#### [Brief]
After finding the line with "1) / ?B^2 * (pi" in the data below, set down exactly each line through the one with "1) \<le> real", inclusive, and stop there.

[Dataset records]
lemma iid_gaussian_chaos_second_moment:
  fixes I :: "'i set"
  assumes fin: "finite I"
  shows "integrable (iid_gaussian I) (\<lambda>\<omega>. (gaussian_chaos I w \<omega>)\<^sup>2)"
    and "(\<integral>\<omega>. (gaussian_chaos I w \<omega>)\<^sup>2 \<partial>iid_gaussian I) \<le> 10 * (\<Sum>q\<in>I \<times> I. (w q)\<^sup>2)"
proof -
  define u where "u q \<omega> = ((\<omega> (fst q))\<^sup>2 - 1) * \<omega> (snd q)" for q and \<omega> :: "'i \<Rightarrow> real"
  define e :: "'i \<times> 'i \<Rightarrow> real" where "e q = (if fst q = snd q then 10 else 2)" for q
  have square: "(gaussian_chaos I w \<omega>)\<^sup>2 = (\<Sum>q\<in>I \<times> I. \<Sum>q'\<in>I \<times> I. w q * w q' * (u q \<omega> * u q' \<omega>))" for \<omega>
    unfolding gaussian_chaos_def u_def power2_eq_square sum_product by (simp add: mult_ac)
  have int: "integrable (iid_gaussian I) (\<lambda>\<omega>. w q * w q' * (u q \<omega> * u q' \<omega>))"
    if "q \<in> I \<times> I" "q' \<in> I \<times> I" for q q'
    using iid_gaussian_chaos_monomial_products(1)[OF fin, of "fst q" "snd q" "fst q'" "snd q'"] that
    unfolding u_def by (auto simp: mult.assoc)
  have E: "(\<integral>\<omega>. w q * w q' * (u q \<omega> * u q' \<omega>) \<partial>iid_gaussian I) = (if q' = q then (w q)\<^sup>2 * e q else 0)"
    if "q \<in> I \<times> I" "q' \<in> I \<times> I" for q q'
    using iid_gaussian_chaos_monomial_products(2)[OF fin, of "fst q" "snd q" "fst q'" "snd q'"] that
    unfolding u_def e_def by (auto simp: prod_eq_iff power2_eq_square)
  show "integrable (iid_gaussian I) (\<lambda>\<omega>. (gaussian_chaos I w \<omega>)\<^sup>2)"
    unfolding square using int by (intro Bochner_Integration.integrable_sum) auto
  have "(\<integral>\<omega>. (gaussian_chaos I w \<omega>)\<^sup>2 \<partial>iid_gaussian I)
      = (\<Sum>q\<in>I \<times> I. \<Sum>q'\<in>I \<times> I. \<integral>\<omega>. w q * w q' * (u q \<omega> * u q' \<omega>) \<partial>iid_gaussian I)"
    unfolding square using int
    by (simp add: Bochner_Integration.integral_sum Bochner_Integration.integrable_sum)
  also have "\<dots> = (\<Sum>q\<in>I \<times> I. \<Sum>q'\<in>I \<times> I. if q' = q then (w q)\<^sup>2 * e q else 0)"
    by (intro sum.cong refl E) auto
  also have "\<dots> = (\<Sum>q\<in>I \<times> I. (w q)\<^sup>2 * e q)"
    using fin by (simp add: sum.delta)
  also have "\<dots> \<le> (\<Sum>q\<in>I \<times> I. 10 * (w q)\<^sup>2)"
    unfolding e_def by (intro sum_mono) auto
  finally show "(\<integral>\<omega>. (gaussian_chaos I w \<omega>)\<^sup>2 \<partial>iid_gaussian I) \<le> 10 * (\<Sum>q\<in>I \<times> I. (w q)\<^sup>2)"
    by (simp add: sum_distrib_left)
qed
lemma Gamma_three_halves_square_le: "Gamma (real m + 3/2)^2 \<le> Gamma (real m + 1) * Gamma (real m + 2)"
proof -
  let ?x = "real m + 1" and ?y = "real m + 2" and ?z = "real m + 3/2"
  have pos: "Gamma ?z > 0" "Gamma ?x > 0" "Gamma ?y > 0"
    by (intro Gamma_real_pos; simp)+
  then have nonzero: "Gamma ?x \<noteq> 0" "Gamma ?y \<noteq> 0" by linarith+
  have "(ln \<circ> Gamma) ((1 - 1/2) *\<^sub>R ?x + (1/2) *\<^sub>R ?y)
          \<le> (1 - 1/2) * (ln \<circ> Gamma) ?x + (1/2) * (ln \<circ> Gamma) ?y"
    by (rule convex_onD[OF log_convex_Gamma_real]) auto
  moreover have "(1 - 1/2) *\<^sub>R ?x + (1/2) *\<^sub>R ?y = ?z" by (simp add: field_simps)
  ultimately have "2 * ln (Gamma ?z) \<le> ln (Gamma ?x) + ln (Gamma ?y)" by simp
  then have "ln (Gamma ?z ^ 2) \<le> ln (Gamma ?x * Gamma ?y)"
    by (simp add: ln_realpow ln_mult nonzero)
  then show ?thesis
    using pos by (simp add: ln_le_cancel_iff)
qed

lemma pi_pochhammer_three_halves_square_le:
  "pi * (pochhammer (3/2 :: real) m / fact m)^2 \<le> 4 * (real m + 1)"
proof -
  have poch: "pochhammer (3/2 :: real) m = Gamma (real m + 3/2) / Gamma (3/2)"
    by (subst pochhammer_Gamma) (auto dest: nonpos_Ints_nonpos simp: add_ac)
  have "pi * (pochhammer (3/2 :: real) m / fact m)^2 = 4 * Gamma (real m + 3/2)^2 / (fact m)^2"
    unfolding poch Gamma_three_halves by (simp add: field_simps power2_eq_square)
  also have "\<dots> \<le> 4 * (Gamma (real m + 1) * Gamma (real m + 2)) / (fact m)^2"
    using Gamma_three_halves_square_le[of m] by (simp add: divide_right_mono)
  also have "Gamma (real m + 1) * Gamma (real m + 2) = (real m + 1) * (fact m)^2"
  proof -
    have "Gamma (real m + 1) = fact m"
      using Gamma_fact[of m] by (simp add: add_ac)
    moreover have "Gamma (real m + 1 + 1) = (real m + 1) * Gamma (real m + 1)"
      by (rule Gamma_plus_1_pos) simp
    ultimately show ?thesis by (simp add: power2_eq_square add.assoc)
  qed
  finally show ?thesis by simp
qed

lemma omega_bound_le_ball_bound_1: "omega_bound d 1 \<le> ball_bound d 1"
proof -
  let ?B = "pochhammer (3/2 :: real) (d div 2) / fact (d div 2)"
  have "pi * ?B^2 / real (2 * d + 7) \<le> 1"
    using pi_pochhammer_three_halves_square_le[of "d div 2"] by simp
  have "pochhammer (3/2 :: real) (d div 2) > 0" by (simp add: pochhammer_pos)
  then have "2 * pi * real (d + 1) / real (2 * d + 7)
      = 2 * real (d + 1) / ?B^2 * (pi * ?B^2 / real (2 * d + 7))"
    using times_divide_times_eq[of "2 * real (d + 1)" "?B^2" "pi * ?B^2" "real (2 * d + 7)"]
    by (simp add: mult_ac)
  also have "\<dots> \<le> 2 * real (d + 1) / ?B^2"
    using \<open>pi * ?B^2 / real (2 * d + 7) \<le> 1\<close> by (intro mult_left_le) simp_all
  finally have "2 * pi * real (d + 1) / real (2 * d + 7) \<le> 2 * real (d + 1) / ?B^2" .
  moreover have "omega_bound d 1 = 2 * pi * real (d + 1) / real (2 * d + 7)"
  proof -
    have "real ((d + 1) * (d + 2) * (d + 3)) / real ((d + 1 + 1) * (d + 1 + 2) * (2 * d + 1 + 6))
        = real (d + 1) * real ((d + 2) * (d + 3)) / (real (2 * d + 7) * real ((d + 2) * (d + 3)))"
      by (simp only: of_nat_mult[symmetric]) (simp add: algebra_simps)
    also have "\<dots> = real (d + 1) / real (2 * d + 7)"
      by (rule mult_divide_mult_cancel_right) (simp only: of_nat_eq_0_iff mult_is_0, simp)
    finally show ?thesis by (simp add: omega_bound_def omega_def)
  qed
  moreover have "ball_bound d 1 = 2 * real (d + 1) / ?B^2"
    by (simp add: ball_bound_def)
  ultimately show ?thesis by simp
qed

lemma omega_2: "omega 2 = 4 * pi"
proof -
  have "pi powr (3/2) = pi * sqrt pi"
    using powr_add[of pi 1 "1/2"] by (simp add: powr_half_sqrt)
  then show ?thesis by (simp add: omega_def Gamma_three_halves)
qed

lemma omega_bound_le_ball_bound_2: "omega_bound d 2 \<le> ball_bound d 2"
proof -
  let ?m = "d div 2" and ?c = "pi * real (d + 1) * real (d + 2)"
  have "omega_bound d 2 = ?c * (2 / real (d + 4)^2)"
  proof -
    have "real ((d + 1) * (d + 2) * (d + 3)) / real ((d + 2 + 1) * (d + 2 + 2) * (2 * d + 2 + 6))
        = real (d + 1) * real (d + 2) * real (d + 3) / (2 * real (d + 4)^2 * real (d + 3))"
      by (simp only: of_nat_mult[symmetric] of_nat_power[symmetric]) (simp add: power2_eq_square algebra_simps)
    also have "\<dots> = real (d + 1) * real (d + 2) / (2 * real (d + 4)^2)"
      by (rule mult_divide_mult_cancel_right) simp
    finally show ?thesis by (simp add: omega_bound_def omega_2)
  qed
  also have "\<dots> \<le> ?c * (1 / (2 * (real ?m + 1)^2))"
  proof (intro mult_left_mono)
    have "real (2 * ?m + 2) \<le> real (d + 4)" by (simp only: of_nat_le_iff)
    then have "2 * (real ?m + 1) \<le> real (d + 4)" by simp
    then have "(2 * (real ?m + 1))^2 \<le> real (d + 4)^2"
      by (rule power_mono) simp
    moreover have "(2 * (real ?m + 1))^2 = 4 * (real ?m + 1)^2"
      by (simp add: power2_eq_square algebra_simps)
    ultimately have "4 * (real ?m + 1)^2 \<le> real (d + 4)^2" by linarith
    then show "2 / real (d + 4)^2 \<le> 1 / (2 * (real ?m + 1)^2)"
      by (simp add: divide_simps)
  qed simp
  also have "\<dots> = ball_bound d 2"
  proof -
    have "pochhammer (2 :: real) ?m = fact ?m * (real ?m + 1)"
      using pochhammer_plus_1[of 1 ?m] by (simp add: pochhammer_fact)
    then have poch: "pochhammer (real 2 / 2 + 1) ?m / fact ?m = real ?m + 1" by simp
    have binomial: "real (2 + d choose d) = real (d + 1) * real (d + 2) / 2"
      by (simp add: binomial_fact fact_Suc del: of_nat_Suc)
    show ?thesis
      unfolding ball_bound_def poch binomial by (simp add: unit_ball_vol_2)
  qed
  finally show ?thesis .
qed

lemma omega_bound_le_ball_bound_add_two:
  assumes "omega_bound d p \<le> ball_bound d p"
  shows "omega_bound d (p + 2) \<le> ball_bound d (p + 2)"
proof -
  let ?c = "2 * pi * real (p + d + 1) * real (p + d + 2) / real (p + 1)"
  let ?X = "(real p + 2 + 2 * real (d div 2))^2"
  let ?Y = "real (2 * d + p + 6)" and ?Z = "real (d + p + 3) * real (d + p + 4) * real (2 * d + p + 8)"
  have "(p + 2 + 2 * (d div 2))^2 \<le> (d + p + 3)^2"
    by (rule power_mono) simp_all
  also have "\<dots> \<le> (d + p + 3) * (d + p + 4)"
    by (simp add: power2_eq_square)
  finally have "(p + 2 + 2 * (d div 2))^2 * (2 * d + p + 6)
      \<le> (d + p + 3) * (d + p + 4) * (2 * d + p + 8)"
    by (intro mult_mono) simp_all
  then have "?X * ?Y \<le> ?Z"
    by (simp only: of_nat_le_iff[symmetric, where 'a = real]) (simp add: add_ac)
  then have "?Y / ?Z \<le> 1 / ?X"
    by (simp add: divide_simps mult_ac)
  have "omega_bound d (p + 2) = omega_bound d p * (?c * (?Y / ?Z))"
    unfolding omega_bound_add_two by simp
  also have "\<dots> \<le> ball_bound d p * (?c * (?Y / ?Z))"
    by (rule mult_right_mono[OF assms]) simp
  also have "\<dots> \<le> ball_bound d p * (?c * (1 / ?X))"
    using \<open>?Y / ?Z \<le> 1 / ?X\<close> by (intro mult_left_mono) (simp_all add: ball_bound_def)
  also have "\<dots> = ball_bound d (p + 2)"
    unfolding ball_bound_add_two by simp
  finally show ?thesis .
qed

#### [Exercise response]
      = 2 * real (d + 1) / ?B^2 * (pi * ?B^2 / real (2 * d + 7))"
    using times_divide_times_eq[of "2 * real (d + 1)" "?B^2" "pi * ?B^2" "real (2 * d + 7)"]
    by (simp add: mult_ac)
  also have "\<dots> \<le> 2 * real (d + 1) / ?B^2"
    using \<open>pi * ?B^2 / real (2 * d + 7) \<le> 1\<close> by (intro mult_left_le) simp_all
  finally have "2 * pi * real (d + 1) / real (2 * d + 7) \<le> 2 * real (d + 1) / ?B^2" .
  moreover have "omega_bound d 1 = 2 * pi * real (d + 1) / real (2 * d + 7)"
  proof -
    have "real ((d + 1) * (d + 2) * (d + 3)) / real ((d + 1 + 1) * (d + 1 + 2) * (2 * d + 1 + 6))
        = real (d + 1) * real ((d + 2) * (d + 3)) / (real (2 * d + 7) * real ((d + 2) * (d + 3)))"
      by (simp only: of_nat_mult[symmetric]) (simp add: algebra_simps)
    also have "\<dots> = real (d + 1) / real (2 * d + 7)"
      by (rule mult_divide_mult_cancel_right) (simp only: of_nat_eq_0_iff mult_is_0, simp)
    finally show ?thesis by (simp add: omega_bound_def omega_def)
  qed
  moreover have "ball_bound d 1 = 2 * real (d + 1) / ?B^2"
    by (simp add: ball_bound_def)
  ultimately show ?thesis by simp
qed

lemma omega_2: "omega 2 = 4 * pi"
proof -
  have "pi powr (3/2) = pi * sqrt pi"
    using powr_add[of pi 1 "1/2"] by (simp add: powr_half_sqrt)
  then show ?thesis by (simp add: omega_def Gamma_three_halves)
qed

lemma omega_bound_le_ball_bound_2: "omega_bound d 2 \<le> ball_bound d 2"
proof -
  let ?m = "d div 2" and ?c = "pi * real (d + 1) * real (d + 2)"
  have "omega_bound d 2 = ?c * (2 / real (d + 4)^2)"
  proof -
    have "real ((d + 1) * (d + 2) * (d + 3)) / real ((d + 2 + 1) * (d + 2 + 2) * (2 * d + 2 + 6))
        = real (d + 1) * real (d + 2) * real (d + 3) / (2 * real (d + 4)^2 * real (d + 3))"
      by (simp only: of_nat_mult[symmetric] of_nat_power[symmetric]) (simp add: power2_eq_square algebra_simps)
    also have "\<dots> = real (d + 1) * real (d + 2) / (2 * real (d + 4)^2)"
      by (rule mult_divide_mult_cancel_right) simp
    finally show ?thesis by (simp add: omega_bound_def omega_2)
  qed
  also have "\<dots> \<le> ?c * (1 / (2 * (real ?m + 1)^2))"
  proof (intro mult_left_mono)
    have "real (2 * ?m + 2) \<le> real (d + 4)" by (simp only: of_nat_le_iff)
    then have "2 * (real ?m + 1) \<le> real (d + 4)" by simp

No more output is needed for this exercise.